[Opening Task data section]

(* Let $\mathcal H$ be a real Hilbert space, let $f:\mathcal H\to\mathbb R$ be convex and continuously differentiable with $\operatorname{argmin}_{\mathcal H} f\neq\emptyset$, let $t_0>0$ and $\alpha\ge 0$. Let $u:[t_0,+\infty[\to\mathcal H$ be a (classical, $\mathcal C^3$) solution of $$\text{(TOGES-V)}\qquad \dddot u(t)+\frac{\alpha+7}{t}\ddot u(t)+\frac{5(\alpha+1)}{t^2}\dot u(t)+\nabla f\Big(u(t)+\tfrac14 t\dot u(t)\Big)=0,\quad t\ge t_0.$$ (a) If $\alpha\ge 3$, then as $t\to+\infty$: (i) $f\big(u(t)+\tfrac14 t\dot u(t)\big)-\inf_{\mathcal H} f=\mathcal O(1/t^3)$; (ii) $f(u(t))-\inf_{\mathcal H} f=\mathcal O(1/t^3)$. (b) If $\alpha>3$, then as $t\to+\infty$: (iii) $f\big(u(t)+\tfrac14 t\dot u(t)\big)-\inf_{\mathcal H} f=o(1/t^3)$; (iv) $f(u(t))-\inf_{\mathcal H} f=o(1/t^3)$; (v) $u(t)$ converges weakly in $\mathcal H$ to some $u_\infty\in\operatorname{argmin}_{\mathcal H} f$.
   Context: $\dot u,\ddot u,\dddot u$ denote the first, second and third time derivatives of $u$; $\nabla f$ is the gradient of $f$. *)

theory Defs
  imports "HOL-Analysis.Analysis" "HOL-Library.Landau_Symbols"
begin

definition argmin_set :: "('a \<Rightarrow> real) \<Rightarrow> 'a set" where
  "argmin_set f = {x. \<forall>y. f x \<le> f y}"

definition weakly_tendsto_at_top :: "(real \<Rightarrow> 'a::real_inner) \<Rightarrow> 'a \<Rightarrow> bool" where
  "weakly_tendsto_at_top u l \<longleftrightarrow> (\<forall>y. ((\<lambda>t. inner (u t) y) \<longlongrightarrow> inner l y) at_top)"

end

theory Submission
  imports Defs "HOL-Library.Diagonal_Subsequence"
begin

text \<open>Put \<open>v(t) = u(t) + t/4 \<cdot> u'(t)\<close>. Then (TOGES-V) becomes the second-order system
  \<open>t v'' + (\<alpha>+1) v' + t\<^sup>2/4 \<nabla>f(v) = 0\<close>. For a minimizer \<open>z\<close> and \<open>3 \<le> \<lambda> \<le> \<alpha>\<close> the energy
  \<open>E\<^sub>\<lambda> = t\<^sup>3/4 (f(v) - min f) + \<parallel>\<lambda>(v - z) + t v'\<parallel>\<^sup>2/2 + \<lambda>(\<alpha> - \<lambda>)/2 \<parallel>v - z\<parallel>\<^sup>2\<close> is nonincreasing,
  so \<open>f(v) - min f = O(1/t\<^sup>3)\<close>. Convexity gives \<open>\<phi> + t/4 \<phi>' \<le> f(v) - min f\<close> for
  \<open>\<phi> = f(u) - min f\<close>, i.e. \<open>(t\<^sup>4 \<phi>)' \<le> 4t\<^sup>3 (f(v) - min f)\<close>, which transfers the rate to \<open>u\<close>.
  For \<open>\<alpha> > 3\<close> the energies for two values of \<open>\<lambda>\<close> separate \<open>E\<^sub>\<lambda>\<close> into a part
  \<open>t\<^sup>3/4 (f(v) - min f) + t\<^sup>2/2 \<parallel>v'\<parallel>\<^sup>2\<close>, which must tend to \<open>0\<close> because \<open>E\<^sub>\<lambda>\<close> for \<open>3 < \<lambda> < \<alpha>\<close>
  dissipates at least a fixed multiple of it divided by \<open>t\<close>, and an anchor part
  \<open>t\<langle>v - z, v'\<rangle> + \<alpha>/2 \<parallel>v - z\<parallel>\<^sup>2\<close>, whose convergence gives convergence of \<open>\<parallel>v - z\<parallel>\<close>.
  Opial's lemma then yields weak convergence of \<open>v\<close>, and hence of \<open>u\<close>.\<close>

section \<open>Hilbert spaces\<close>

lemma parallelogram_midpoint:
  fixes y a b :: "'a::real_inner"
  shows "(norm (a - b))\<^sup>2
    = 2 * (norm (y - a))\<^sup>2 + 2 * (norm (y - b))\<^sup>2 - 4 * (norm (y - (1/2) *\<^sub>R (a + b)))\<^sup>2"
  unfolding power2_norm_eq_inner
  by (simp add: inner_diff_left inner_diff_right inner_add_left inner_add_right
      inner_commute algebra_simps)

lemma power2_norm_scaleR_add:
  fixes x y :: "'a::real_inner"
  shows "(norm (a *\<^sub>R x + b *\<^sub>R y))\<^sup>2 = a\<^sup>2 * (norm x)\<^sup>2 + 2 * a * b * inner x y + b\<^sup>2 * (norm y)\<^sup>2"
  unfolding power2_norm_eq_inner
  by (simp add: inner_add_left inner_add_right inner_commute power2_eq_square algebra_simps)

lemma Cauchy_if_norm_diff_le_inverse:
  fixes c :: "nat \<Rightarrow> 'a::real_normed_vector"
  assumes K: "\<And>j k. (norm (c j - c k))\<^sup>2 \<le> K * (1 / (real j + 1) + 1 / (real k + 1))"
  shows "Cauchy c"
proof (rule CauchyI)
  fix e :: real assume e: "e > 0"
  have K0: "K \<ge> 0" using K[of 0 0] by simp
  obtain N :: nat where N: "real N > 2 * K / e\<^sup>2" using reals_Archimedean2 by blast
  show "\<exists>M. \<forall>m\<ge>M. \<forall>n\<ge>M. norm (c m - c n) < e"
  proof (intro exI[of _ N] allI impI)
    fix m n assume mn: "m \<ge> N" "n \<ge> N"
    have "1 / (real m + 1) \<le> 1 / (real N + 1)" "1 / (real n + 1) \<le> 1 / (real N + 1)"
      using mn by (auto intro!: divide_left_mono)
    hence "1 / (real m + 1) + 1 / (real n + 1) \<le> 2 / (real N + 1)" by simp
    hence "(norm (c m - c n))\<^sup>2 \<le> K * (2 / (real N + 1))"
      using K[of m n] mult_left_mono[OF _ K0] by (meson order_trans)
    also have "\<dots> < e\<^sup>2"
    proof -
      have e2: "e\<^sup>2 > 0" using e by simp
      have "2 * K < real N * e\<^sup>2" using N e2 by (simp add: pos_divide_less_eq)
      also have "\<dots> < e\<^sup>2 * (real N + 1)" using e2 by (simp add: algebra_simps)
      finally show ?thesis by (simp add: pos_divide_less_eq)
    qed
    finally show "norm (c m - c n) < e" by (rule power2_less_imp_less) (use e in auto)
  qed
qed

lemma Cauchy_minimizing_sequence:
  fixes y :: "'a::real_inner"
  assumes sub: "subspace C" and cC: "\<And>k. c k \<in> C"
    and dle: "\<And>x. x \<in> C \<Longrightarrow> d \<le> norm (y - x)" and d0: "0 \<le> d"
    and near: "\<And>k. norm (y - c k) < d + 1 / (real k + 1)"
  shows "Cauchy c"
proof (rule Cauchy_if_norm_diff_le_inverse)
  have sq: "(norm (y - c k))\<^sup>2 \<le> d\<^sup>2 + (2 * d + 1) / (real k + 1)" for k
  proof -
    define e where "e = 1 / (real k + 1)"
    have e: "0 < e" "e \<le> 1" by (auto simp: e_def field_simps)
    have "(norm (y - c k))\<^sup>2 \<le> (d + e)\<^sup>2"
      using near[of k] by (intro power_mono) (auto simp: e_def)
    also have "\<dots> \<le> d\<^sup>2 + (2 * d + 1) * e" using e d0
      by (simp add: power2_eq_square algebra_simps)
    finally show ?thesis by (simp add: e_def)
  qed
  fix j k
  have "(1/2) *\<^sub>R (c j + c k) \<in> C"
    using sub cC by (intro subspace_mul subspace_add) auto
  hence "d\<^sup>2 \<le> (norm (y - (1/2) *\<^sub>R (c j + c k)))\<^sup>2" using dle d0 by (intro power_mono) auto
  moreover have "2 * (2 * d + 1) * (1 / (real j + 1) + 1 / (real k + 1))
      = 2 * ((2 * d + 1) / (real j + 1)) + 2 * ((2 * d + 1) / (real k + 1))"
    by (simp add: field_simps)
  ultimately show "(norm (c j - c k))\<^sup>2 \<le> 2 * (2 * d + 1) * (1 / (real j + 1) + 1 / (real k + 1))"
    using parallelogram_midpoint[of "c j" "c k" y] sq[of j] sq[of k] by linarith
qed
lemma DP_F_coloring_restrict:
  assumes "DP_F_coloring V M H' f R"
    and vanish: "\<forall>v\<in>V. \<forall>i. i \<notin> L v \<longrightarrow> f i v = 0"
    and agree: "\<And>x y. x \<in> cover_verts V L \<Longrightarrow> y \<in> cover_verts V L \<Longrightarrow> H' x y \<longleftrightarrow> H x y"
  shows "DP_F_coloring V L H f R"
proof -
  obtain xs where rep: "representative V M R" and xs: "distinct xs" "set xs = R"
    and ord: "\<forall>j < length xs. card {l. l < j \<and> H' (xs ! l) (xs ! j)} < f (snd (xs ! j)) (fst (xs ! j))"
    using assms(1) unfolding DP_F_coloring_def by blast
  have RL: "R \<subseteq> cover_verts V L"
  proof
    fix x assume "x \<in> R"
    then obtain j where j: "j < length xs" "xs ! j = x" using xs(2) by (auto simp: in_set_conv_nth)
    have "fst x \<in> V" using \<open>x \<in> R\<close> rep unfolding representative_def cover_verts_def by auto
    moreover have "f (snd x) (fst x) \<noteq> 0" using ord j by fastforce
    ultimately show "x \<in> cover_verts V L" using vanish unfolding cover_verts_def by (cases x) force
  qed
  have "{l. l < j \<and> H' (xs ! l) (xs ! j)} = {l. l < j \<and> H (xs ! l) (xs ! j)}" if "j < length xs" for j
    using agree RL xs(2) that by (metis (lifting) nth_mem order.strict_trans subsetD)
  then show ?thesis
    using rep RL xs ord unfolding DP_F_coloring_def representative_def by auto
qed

[Closing Task data section]

■ **Exercise prompt**
Out of the data above, transcribe exactly and only the lines starting with the line that has "(a - b))\<^sup>2" and going on through the line that has "(real m + 1) +", both included.

■ **Task result**
  shows "(norm (a - b))\<^sup>2
    = 2 * (norm (y - a))\<^sup>2 + 2 * (norm (y - b))\<^sup>2 - 4 * (norm (y - (1/2) *\<^sub>R (a + b)))\<^sup>2"
  unfolding power2_norm_eq_inner
  by (simp add: inner_diff_left inner_diff_right inner_add_left inner_add_right
      inner_commute algebra_simps)

lemma power2_norm_scaleR_add:
  fixes x y :: "'a::real_inner"
  shows "(norm (a *\<^sub>R x + b *\<^sub>R y))\<^sup>2 = a\<^sup>2 * (norm x)\<^sup>2 + 2 * a * b * inner x y + b\<^sup>2 * (norm y)\<^sup>2"
  unfolding power2_norm_eq_inner
  by (simp add: inner_add_left inner_add_right inner_commute power2_eq_square algebra_simps)

lemma Cauchy_if_norm_diff_le_inverse:
  fixes c :: "nat \<Rightarrow> 'a::real_normed_vector"
  assumes K: "\<And>j k. (norm (c j - c k))\<^sup>2 \<le> K * (1 / (real j + 1) + 1 / (real k + 1))"
  shows "Cauchy c"
proof (rule CauchyI)
  fix e :: real assume e: "e > 0"
  have K0: "K \<ge> 0" using K[of 0 0] by simp
  obtain N :: nat where N: "real N > 2 * K / e\<^sup>2" using reals_Archimedean2 by blast
  show "\<exists>M. \<forall>m\<ge>M. \<forall>n\<ge>M. norm (c m - c n) < e"
  proof (intro exI[of _ N] allI impI)
    fix m n assume mn: "m \<ge> N" "n \<ge> N"
    have "1 / (real m + 1) \<le> 1 / (real N + 1)" "1 / (real n + 1) \<le> 1 / (real N + 1)"
      using mn by (auto intro!: divide_left_mono)
    hence "1 / (real m + 1) + 1 / (real n + 1) \<le> 2 / (real N + 1)" by simp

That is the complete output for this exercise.